Extracted entries =>

text \<open>A path is represented as a pair (v, es): a start vertex v and a list of edges es.
The empty list represents the vertex v itself; otherwise v is the source of the
first edge and consecutive edges are composable.\<close>

type_synonym ('v,'e) path = "'v \<times> 'e list"

definition is_path :: "'v set \<Rightarrow> 'e set \<Rightarrow> ('e \<Rightarrow> 'v) \<Rightarrow> ('e \<Rightarrow> 'v) \<Rightarrow> ('v,'e) path \<Rightarrow> bool" where
  "is_path V Ed s r p \<longleftrightarrow>
     fst p \<in> V \<and> set (snd p) \<subseteq> Ed \<and>
     (snd p \<noteq> [] \<longrightarrow> s (hd (snd p)) = fst p) \<and>
     (\<forall>i. Suc i < length (snd p) \<longrightarrow> r (snd p ! i) = s (snd p ! Suc i))"

definition path_range :: "('e \<Rightarrow> 'v) \<Rightarrow> ('v,'e) path \<Rightarrow> 'v" where
  "path_range r p = (if snd p = [] then fst p else r (last (snd p)))"

text \<open>Elements of the graph inverse semigroup: zero, or u v^{-1} (normal form).\<close>
datatype ('v,'e) gis = GZero | GElem "('v,'e) path" "('v,'e) path"

definition gis_carrier :: "'v set \<Rightarrow> 'e set \<Rightarrow> ('e \<Rightarrow> 'v) \<Rightarrow> ('e \<Rightarrow> 'v) \<Rightarrow> ('v,'e) gis set" where
  "gis_carrier V Ed s r =
     insert GZero {GElem u v | u v. is_path V Ed s r u \<and> is_path V Ed s r v \<and>
                                     path_range r u = path_range r v}"

text \<open>Multiplication in normal form:
  (u v^{-1})(w z^{-1}) = u t z^{-1} if w = v t;  u (z t)^{-1} if v = w t;  0 otherwise.\<close>
fun gis_mult :: "('v,'e) gis \<Rightarrow> ('v,'e) gis \<Rightarrow> ('v,'e) gis" where
  "gis_mult (GElem u v) (GElem w z) =
     (if fst w = fst v \<and> (\<exists>t. snd w = snd v @ t)
      then GElem (fst u, snd u @ drop (length (snd v)) (snd w)) z
      else if fst v = fst w \<and> (\<exists>t. snd v = snd w @ t)
      then GElem u (fst z, snd z @ drop (length (snd w)) (snd v))
      else GZero)"
| "gis_mult _ _ = GZero"

definition top_semigroup :: "'b topology \<Rightarrow> ('b \<Rightarrow> 'b \<Rightarrow> 'b) \<Rightarrow> bool" where
  "top_semigroup \<sigma> m \<longleftrightarrow>
     Hausdorff_space \<sigma> \<and>
     (\<forall>x\<in>topspace \<sigma>. \<forall>y\<in>topspace \<sigma>. m x y \<in> topspace \<sigma>) \<and>
     (\<forall>x\<in>topspace \<sigma>. \<forall>y\<in>topspace \<sigma>. \<forall>z\<in>topspace \<sigma>. m (m x y) z = m x (m y z)) \<and>
     continuous_map (prod_topology \<sigma> \<sigma>) \<sigma> (\<lambda>(x,y). m x y)"
lemma per_run_fragment:
  assumes "1 \<le> \<tau>" "i \<in> Rset T \<tau>"
  shows "per (sub T i (run_end T \<tau> i)) = per (window T \<tau> i)"
proof -
  obtain J where "i < J" and e: "run_end T \<tau> i = J + 3 * \<tau> - 2"
    and R: "\<And>k. i \<le> k \<Longrightarrow> k < J \<Longrightarrow> k \<in> Rset T \<tau>"
    using run_end_Rset[OF assms(2)] by blast
  define U where "U = sub T i (run_end T \<tau> i)"
  define w where "w = 3 * \<tau> - 1"
  have "1 \<le> i" using assms(2) by (simp add: Rset_def)
  have "length U = (J - 1 - i) + w"
    using length_sub[OF \<open>1 \<le> i\<close> run_end_bounds(2)[OF assms(2)]] e \<open>i < J\<close> assms(1)
    by (simp add: U_def w_def)
  have windows: "take w (drop s U) = window T \<tau> (i + s)" if "s \<le> J - 1 - i" for s
    using take_drop_sub[OF \<open>1 \<le> i\<close>, of s w "run_end T \<tau> i" T] that e \<open>i < J\<close> assms(1)
    by (simp add: U_def w_def)
  have "per U = per (take w U)"
  proof (rule per_eq_per_take_of_windows[OF \<open>length U = (J - 1 - i) + w\<close>])
    fix s assume "s \<le> J - 1 - i"
    then have "3 * per (take w (drop s U)) \<le> \<tau>"
      using windows Rset_per[OF R[of "i + s"]] \<open>i < J\<close> by (simp add: w_def)
    then show "2 * per (take w (drop s U)) < w"
      using assms(1) by (simp add: w_def)
  qed
  then show ?thesis using windows[of 0] by (simp add: U_def w_def)
qed

lemma Lroot_eq_Min_rotations:
  assumes "1 \<le> i" "i + 2 * per (window T \<tau> i) \<le> e"
  shows "Lroot T \<tau> i = Min (rotations (sub T i e) (per (window T \<tau> i)))"
proof -
  define p where "p = per (window T \<tau> i)"
  have "{sub T (i + t) (i + t + p) | t. t < p} = rotations (sub T i e) p"
    using take_drop_sub[OF assms(1), of _ p e T] assms(2) by (auto simp: p_def rotations_def)
  then show ?thesis unfolding Lroot_def Let_def p_def[symmetric] by simp
qed

lemma Lroot_Suc:
  assumes "1 \<le> \<tau>" "i \<in> Rset T \<tau>" "Suc i \<in> Rset T \<tau>"
  shows "Lroot T \<tau> (Suc i) = Lroot T \<tau> i"
proof -
  define e where "e = run_end T \<tau> i"
  define p where "p = per (window T \<tau> i)"
  have "1 \<le> i" using assms(2) by (simp add: Rset_def)
  have "3 * p \<le> \<tau>" using Rset_per[OF assms(2)] by (simp add: p_def)
  have p_Suc: "per (window T \<tau> (Suc i)) = p" using per_window_Suc[OF assms] by (simp add: p_def)
  have "Suc i + 3 * \<tau> - 1 \<le> e" "e \<le> length T + 1"
    using run_end_bounds[OF assms(3)] run_end_Suc[OF assms(2)] by (simp_all add: e_def)
  then have "Suc i + 2 * p \<le> e" "2 * p \<le> length (sub T i e)"
    using \<open>3 * p \<le> \<tau>\<close> assms(1) length_sub[OF \<open>1 \<le> i\<close>] by simp_all
  have "Lroot T \<tau> (Suc i) = Min (rotations (sub T (Suc i) e) (per (window T \<tau> (Suc i))))"
    by (rule Lroot_eq_Min_rotations) (use \<open>1 \<le> i\<close> \<open>Suc i + 2 * p \<le> e\<close> p_Suc in simp_all)
  also have "per (window T \<tau> (Suc i)) = p" by (rule p_Suc)
  also have "sub T (Suc i) e = tl (sub T i e)"
    using tl_sub[OF \<open>1 \<le> i\<close>] by simp
  also have "rotations (tl (sub T i e)) p = rotations (sub T i e) p"
    using has_period_per[of "sub T i e"] per_run_fragment[OF assms(1,2)] \<open>2 * p \<le> length (sub T i e)\<close>
    by (intro rotations_tl) (simp_all add: e_def p_def)
  also have "Min (rotations (sub T i e) p) = Lroot T \<tau> i"
    using Lroot_eq_Min_rotations[OF \<open>1 \<le> i\<close>, of T \<tau> e] \<open>Suc i + 2 * p \<le> e\<close>
    by (simp add: p_def)
  finally show ?thesis .
qed

lemma Ltail_Suc:
  assumes "1 \<le> \<tau>" "i \<in> Rset T \<tau>" "Suc i \<in> Rset T \<tau>"
  shows "Ltail T \<tau> (Suc i) = Ltail T \<tau> i"
proof -
  define e where "e = run_end T \<tau> i"
  define U where "U = sub T i e"
  have "1 \<le> i" using assms(2) by (simp add: Rset_def)
  have e_Suc: "run_end T \<tau> (Suc i) = e" using run_end_Suc[OF assms(2)] by (simp add: e_def)
  have tl_U: "tl U = sub T (Suc i) e" using tl_sub[OF \<open>1 \<le> i\<close>] by (simp add: U_def)
  have per_U: "per U = per (window T \<tau> i)"
    using per_run_fragment[OF assms(1,2)] by (simp add: U_def e_def)
  have "i + 3 * \<tau> - 1 \<le> e" "e \<le> length T + 1"
    using run_end_bounds[OF assms(2)] by (simp_all add: e_def)
  then have "3 * per U \<le> length U" "i + 2 * per (window T \<tau> i) \<le> e"
    using per_U Rset_per[OF assms(2)] length_sub[OF \<open>1 \<le> i\<close>] assms(1) by (simp_all add: U_def)
  have "per (tl U) = per U"
    using per_run_fragment[OF assms(1,3)] per_window_Suc[OF assms] e_Suc tl_U per_U by simp
  moreover have "Lroot T \<tau> i \<in> rotations U (per U)"
    using Lroot_eq_Min_rotations[OF \<open>1 \<le> i\<close> \<open>i + 2 * per (window T \<tau> i) \<le> e\<close>]
      Min_rotations_mem[OF per_pos] per_U by (simp add: U_def)
  ultimately have "(THE l. tail_decomposition (sub T (Suc i) e) (Lroot T \<tau> i) l) =
      (THE l. tail_decomposition U (Lroot T \<tau> i) l)"
    using The_tail_decomposition_tl \<open>3 * per U \<le> length U\<close> unfolding tl_U[symmetric] by blast
  then show ?thesis
    using Lroot_Suc[OF assms] unfolding Ltail_eq_The_tail_decomposition e_Suc by (simp add: U_def e_def)
qed

theorem lemma5p12:
  fixes T :: "nat list" and \<sigma> n \<tau> :: nat and \<mu> :: real
  assumes "n = length T"
    and "\<forall>c \<in> set T. c < \<sigma>"
    and "2 \<le> \<sigma>" and "real \<sigma> < real n powr (1/7)"
    and "0 < \<mu>" and "\<mu> < 1/6"
    and "\<tau> = nat \<lfloor>\<mu> * log (real \<sigma>) (real n)\<rfloor>" and "1 \<le> \<tau>"
    and "j \<in> Rset T \<tau> - Rprime T \<tau>"
  shows "Lroot T \<tau> (j - 1) = Lroot T \<tau> j \<and>
         run_end T \<tau> (j - 1) = run_end T \<tau> j \<and>
         Ltail T \<tau> (j - 1) = Ltail T \<tau> j \<and>
         efull T \<tau> (j - 1) = efull T \<tau> j \<and>
         rtype T \<tau> (j - 1) = rtype T \<tau> j"
proof -
  have "j - 1 \<in> Rset T \<tau>" "j \<in> Rset T \<tau>" using assms(9) by (auto simp: Rprime_def)
  moreover obtain i where "j = Suc i" using \<open>j \<in> Rset T \<tau>\<close> by (cases j) (auto simp: Rset_def)
  ultimately have R: "i \<in> Rset T \<tau>" "Suc i \<in> Rset T \<tau>" by simp_all
  have "Lroot T \<tau> i = Lroot T \<tau> (Suc i)" using Lroot_Suc[OF \<open>1 \<le> \<tau>\<close> R] by simp
  moreover have "run_end T \<tau> i = run_end T \<tau> (Suc i)" using run_end_Suc[OF R(1)] .
  moreover have "Ltail T \<tau> i = Ltail T \<tau> (Suc i)" using Ltail_Suc[OF \<open>1 \<le> \<tau>\<close> R] by simp
  ultimately show ?thesis
    unfolding efull_def rtype_def \<open>j = Suc i\<close> by simp
qed

end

Task prompt => Show the lines of the records that include the string "else".

Response to the exercise =>
  "path_range r p = (if snd p = [] then fst p else r (last (snd p)))"
      else if fst v = fst w \<and> (\<exists>t. snd v = snd w @ t)
      else GZero)"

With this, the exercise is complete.